Sex and Love 100

Musings on the most basic life skill . . .

Wednesday, February 1, 2012

Help! I'm not in the Mood! A TMI Sex blog

A TMI (too much information) sex blog...            
 “I really am not in the mood to have sex with Brian,” she says. 
Over dinner the eight women go back and forth over the topic.  It’s Woodstock- peace and love- we have few inhibitions.  I listen. 
            “He’s always in the mood, but I can’t even think about it.”
            Men are usually in the mood.  The easiest way to get rid of a man is to stop having  sex with him.  Having sex with him will not necessarily keep him or win him—that’s a truth—but denying your partner on a regular basis is a recipe for disaster.   I relayed this blog to my uncle Sammy – over 80 and wise as the best potato chip, and he laughed.  He knew.  And so do I.
            Do you think we are all in the mood?  And what the hell is in the mood anyway?  If I had a dollar for every time I’ve heard this expression I’d be in Italy, sunning myself in Capri.
            Mood is what YOU make.  Yes, you can make it.  TMI, but I have been with the same man for a very long time.  Without porn, with five children at our feet, we have managed to have a lot of sex.  Do you think I was in the mood all the time? 
            My girlfriend relayed this story to me over a bottle of wine:
            When we have sex we ususally put on the TV so our daughter can't hear what is going on.  Of course we try to pick a noisy channel and one that we won't be interested in so we can concentrate on our own plot.  So I switch the channel to Shop NBC, QVC, JTV and HSN- I KNOW my husband won’t look at the TV if it’s about shopping.  
            However, on this one occasion, when I wasn’t in the mood, I saw something.  They flashed a necklace; amethysts, rough cut.  Exactly what my daughter wanted.  It was on clearance.  They posted the sales figures, like a countdown—which seemed to come every second, thrust in my face like bait.  I counted the action on my end and in a panic I made the decision to help it along.  Time was running out.  I needed to buy that necklace!  In the end I got the necklace.
            She is not alone.  I have a friend who admitted to me she was finishing a novel when her partner suddenly was really in the mood.  
            “What did you do?”  I asked.
            “I told him he could do whatever he wanted but I was going to take the last 10 pages.”
            She told him to pretend she was a naked libriarian.  She read the conclusion and they finished together. 
             
            But truth be told, mood can change.  In a study of orgasmic women it was found that they had a hand in putting  themselves in the mood (pun intended).  Maybe a bath, some sexy underwear, daydreaming,  and thinking about something that is a turn on, a glass of wine. . . they prepped themselves. Orgasmic women are also more able to control men sexually.  That is another blog, but they can exact what they want from the encounter. 
            But back to mood.  The quickest way to get rid of your man besides stopping sex with him is to not seem to be interested in him.  You aren’t a monkey who only allows sex when you are in heat.  The creator gave you a vagina, the most receptive hostess known in the animal kingdom.  Do you think men are more sexual?  HA!  If I ran an ad on Craigslist tomorrow I could have a line around my house of willing male sex partners and I could service each and every one of them.  Can a man do that?   Okay, get the visual out of your mind, I am saying that we can have sex just by doing virtually nothing. 
            So I asked her this; “Isn’t being ravished, adored, wanted, and cherished, good enough?   I was trying to get to the root of it.  Women have a lot of sex for self-esteem reasons, to feel wanted, appreciated….something else was cooking here. 
            “What do you mean?” She asked.
            “Well, most women have sex for a reason.  Not to always orgasm, but to feel different emotions.   
            She thought for a second.  “I never thought of that.  But after working all day, dragging kids around, cooking, and cleaning I’m burned out. ”
            “That’s not all there is to it.  Yes, you’re exhausted but are you a little mad, or angry?

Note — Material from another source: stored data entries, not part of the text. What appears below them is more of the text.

lemma nn_conj: "qh_deriv G (HIff (NN (HConj a b)) (HConj (NN a) (NN b)))"
proof (rule qh_conjI)
  show "qh_deriv G (HImp (NN (HConj a b)) (HConj (NN a) (NN b)))"
    by (intro qh_impI nd_conjI; rule nd_nn_mono[of _ _ "HConj a b"])
       (simp_all add: nd.hyp nd_ax hax.intros)
  have "qh_deriv G (HImp (NN a) (NN (HImp b (HConj a b))))"
    by (intro qh_nn_mono qh_deriv.ax hax.intros)
  then show "qh_deriv G (HImp (HConj (NN a) (NN b)) (NN (HConj a b)))"
  proof (intro qh_impI)
    assume nna_nnab: "qh_deriv G (HImp (NN a) (NN (HImp b (HConj a b))))"
    let ?H = "{HConj (NN a) (NN b)}"
    have nna: "nd G ?H (NN a)"
      by (rule nd_conjE1[of _ _ _ "NN b"]) (simp add: nd.hyp)
    have nnb: "nd G ?H (NN b)"
      by (rule nd_conjE2[of _ _ "NN a"]) (simp add: nd.hyp)
    have "nd G ?H (NN (HImp b (HConj a b)))"
      using nna by (rule nd.mp[OF nd.qh[OF nna_nnab]])
    with nnb show "nd G ?H (NN (HConj a b))"
      by (rule nd.mp[OF nd.mp[OF nd.qh[OF nn_imp]], rotated])
  qed
qed

lemma nn_disj: "qh_deriv G (HIff (NN (HDisj a b)) (NN (HDisj (NN a) (NN b))))"
proof (rule qh_conjI)
  have inj1: "qh_deriv G (HImp a (HDisj a b))" and inj2: "qh_deriv G (HImp b (HDisj a b))"
    for a b :: "'a hform"
    by (rule qh_deriv.ax, rule hax.intros)+
  have "qh_deriv G (HImp (HDisj a b) (HDisj (NN a) (NN b)))"
    by (rule qh_disjE[OF qh_trans[OF dn_intro inj1] qh_trans[OF dn_intro inj2]])
  then show "qh_deriv G (HImp (NN (HDisj a b)) (NN (HDisj (NN a) (NN b))))"
    by (rule qh_nn_mono)
  have "qh_deriv G (HImp (HDisj (NN a) (NN b)) (NN (HDisj a b)))"
    by (rule qh_disjE[OF qh_nn_mono[OF inj1] qh_nn_mono[OF inj2]])
  then show "qh_deriv G (HImp (NN (HDisj (NN a) (NN b))) (NN (HDisj a b)))"
    by (rule nn_stable_elim[OF nn_stable_NN])
qed

lemma nn_ex: "qh_deriv G (HIff (NN (HEx x a)) (NN (HEx x (NN a))))"
proof (rule qh_conjI)
  have "qh_deriv G (HImp (HEx x a) (HEx x (NN a)))"
    by (rule qh_deriv.ex[OF qh_trans[OF dn_intro ex_inst]]) simp
  then show "qh_deriv G (HImp (NN (HEx x a)) (NN (HEx x (NN a))))"
    by (rule qh_nn_mono)
  have "qh_deriv G (HImp (HEx x (NN a)) (NN (HEx x a)))"
    by (rule qh_deriv.ex[OF qh_nn_mono[OF ex_inst]]) simp
  then show "qh_deriv G (HImp (NN (HEx x (NN a))) (NN (HEx x a)))"
    by (rule nn_stable_elim[OF nn_stable_NN])
qed

lemma nn_all: "qh_deriv G (HImp (NN (HAll x a)) (HAll x (NN a)))"
  by (rule qh_deriv.all[OF qh_nn_mono[OF all_inst]]) simp

text \<open>Elimination rules for the translated classical \<or> and \<exists>: they are valid
  whenever the conclusion is stable.\<close>

lemma nn_disj_elim:
  assumes "nn_stable G r"
  shows "qh_deriv G (HImp (HImp p r) (HImp (HImp q r) (HImp (NN (HDisj p q)) r)))"
proof (intro qh_impI nd_impI)
  let ?H = "{NN (HDisj p q), HImp q r, HImp p r}"
  have "nd G ?H (HImp (HDisj p q) r)"
    by (rule nd.mp[OF nd.mp[OF nd_ax[OF hax.intros(8)]]]) (simp_all add: nd.hyp)
  then have "nd G ?H (NN r)"
    by (rule nd_nn_mono) (simp add: nd.hyp)
  then show "nd G ?H r"
    by (rule nd_stable[OF assms])
qed

lemma nn_ex_elim:
  assumes "nn_stable G c" and "qh_deriv G (HImp b c)" and "x \<notin> fvH c"
  shows "qh_deriv G (HImp (NN (HEx x b)) c)"
  using assms(1) qh_deriv.ex[OF assms(2,3)] by (rule nn_stable_elim)

section \<open>The translation\<close>

text \<open>The translation commutes with free variables, substitution and the free-for
  condition, so instances of the quantifier axioms translate to instances.\<close>

lemma fv_nn:
  fixes p :: "('a, 'b) qprop" and a :: "('a, 'b) qprob"
  shows "fvH (nnP p) = fvP p" "fvH (nnQ a) = fvQ a"
  by (induct p and a) auto

lemma subst_nn:
  fixes p :: "('a, 'b) qprop" and a :: "('a, 'b) qprob"
  shows "nnP (substP x y p) = substH x y (nnP p)" "nnQ (substQ x y a) = substH x y (nnQ a)"
  by (induct p and a) (auto simp: HNeg_def)

lemma freefor_nn:
  fixes p :: "('a, 'b) qprop" and a :: "('a, 'b) qprob"
  shows "freeforH y x (nnP p) = freeforP y x p" "freeforH y x (nnQ a) = freeforQ y x a"
  by (induct p and a) (auto simp: HNeg_def fv_nn)

text \<open>Every translated proposition is stable: atoms, \<or>, \<exists> and ? carry a double
  negation, and stability is preserved by \<and>, \<rightarrow> and \<forall>.\<close>

lemma nn_stable_nnP: "nn_stable G (nnP p)"
proof (induction p)
  case Zero
  show ?case by (simp add: nn_stable_bot)
next
  case (PConj p q)
  then show ?case by (simp add: nn_stable_conj)
next
  case (PImp p q)
  then show ?case by (simp add: nn_stable_imp)
next
  case (PAll x p)
  then show ?case by (simp add: nn_stable_all)
qed (simp_all add: nn_stable_NN)

text \<open>The axioms of classical logic translate to QH theorems; the classical ones
  (\<or>-elimination and double negation elimination) hold by stability.\<close>

lemma cax_nn:
  assumes "cax p"
  shows "qh_deriv G (nnP p)"
  using assms
proof cases
  case (6 p q)
  then show ?thesis by (simp add: qh_trans[OF _ dn_intro] qh_deriv.ax hax.intros)
next
  case (7 q p)
  then show ?thesis by (simp add: qh_trans[OF _ dn_intro] qh_deriv.ax hax.intros)
next
  case (8 p r q)
  then show ?thesis by (simp add: nn_disj_elim nn_stable_nnP)
next
  case (10 p)
  then show ?thesis
    using nn_stable_nnP by (simp add: PNeg_def nn_stable_def HNeg_def[symmetric])
next
  case (12 y x p)
  then show ?thesis by (simp add: subst_nn freefor_nn qh_trans[OF ex_ax dn_intro])
qed (auto simp: subst_nn freefor_nn all_ax intro: qh_deriv.ax hax.intros)

lemma iax_nn: "iax a \<Longrightarrow> qh_deriv G (nnQ a)"
  by (induction rule: iax.induct)
     (auto simp: subst_nn freefor_nn all_ax ex_ax intro: qh_deriv.ax hax.intros)

text \<open>The mixed QHC schemas translate to stability, double negation introduction,
  the identity, and the commutation laws for double negation.\<close>

lemma qhcax_nn: "qhcax A \<Longrightarrow> qh_deriv G (nnF A)"
  by (induction rule: qhcax.induct)
     (simp_all add: PIff_def qh_id dn_intro nn_imp nn_conj nn_disj nn_ex nn_all
                    nn_stable_nnP[unfolded nn_stable_def] nn_stable_bot[unfolded nn_stable_def])

theorem theorem3p4:
  fixes As :: "('a, 'b) form list" and A :: "('a, 'b) form"
  assumes "qhc_deriv (set As) A"
  shows "qh_deriv (nnF ` set As) (nnF A)"
  using assms
proof (induction rule: qhc_deriv.induct)
  case (cax p)
  then show ?case by (simp add: cax_nn)
next
  case (iax a)
  then show ?case by (simp add: iax_nn)
next
  case (qhcax A)
  then show ?case by (rule qhcax_nn)
next
  case (exP q p x)
  then show ?case by (simp add: nn_ex_elim nn_stable_nnP fv_nn)
next
  case (quest a)
  then show ?case by (simp add: qh_dn_intro)
qed (auto intro: qh_deriv.intros simp: fv_nn)

end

I asked.
            “A little? Are you kidding?  I work all day and come home to more work.  Do you think anyone can shift gears like that?
            I laughed.  “Men can.  A crying baby doesn’t turn off their switch.   One time my mother called and my husband handed me the receiver and kept going—of course without me.”
            The table laughed.  I continued.  “You need to tell him, calmly and honestly.  You might find he’s willing to take over some tasks, do something extra, and change his game, if he knows how you feel.  It’s about equity, knowing that you are getting what you believe you deserve from the relationship.  You might need help around the house – for you this might be a big deal.  But I can tell you one thing, sex is a bigger deal for men.  Men will do almost anything to get vagina.”
            She resolved to discuss it.  However men who help out in the house do have additional payoffs – research tells us that when people have that balance or equity, they have more sex.   
            Even if you’re not in the mood you might look at that wonderful guy, who diapered your babies,  put the others to bed,  washed the dishes, maybe did a load of laundry,  a whole lot more righteously.   When women are happy with men, they make love, not war.  Not in the mood- It’s just an excuse.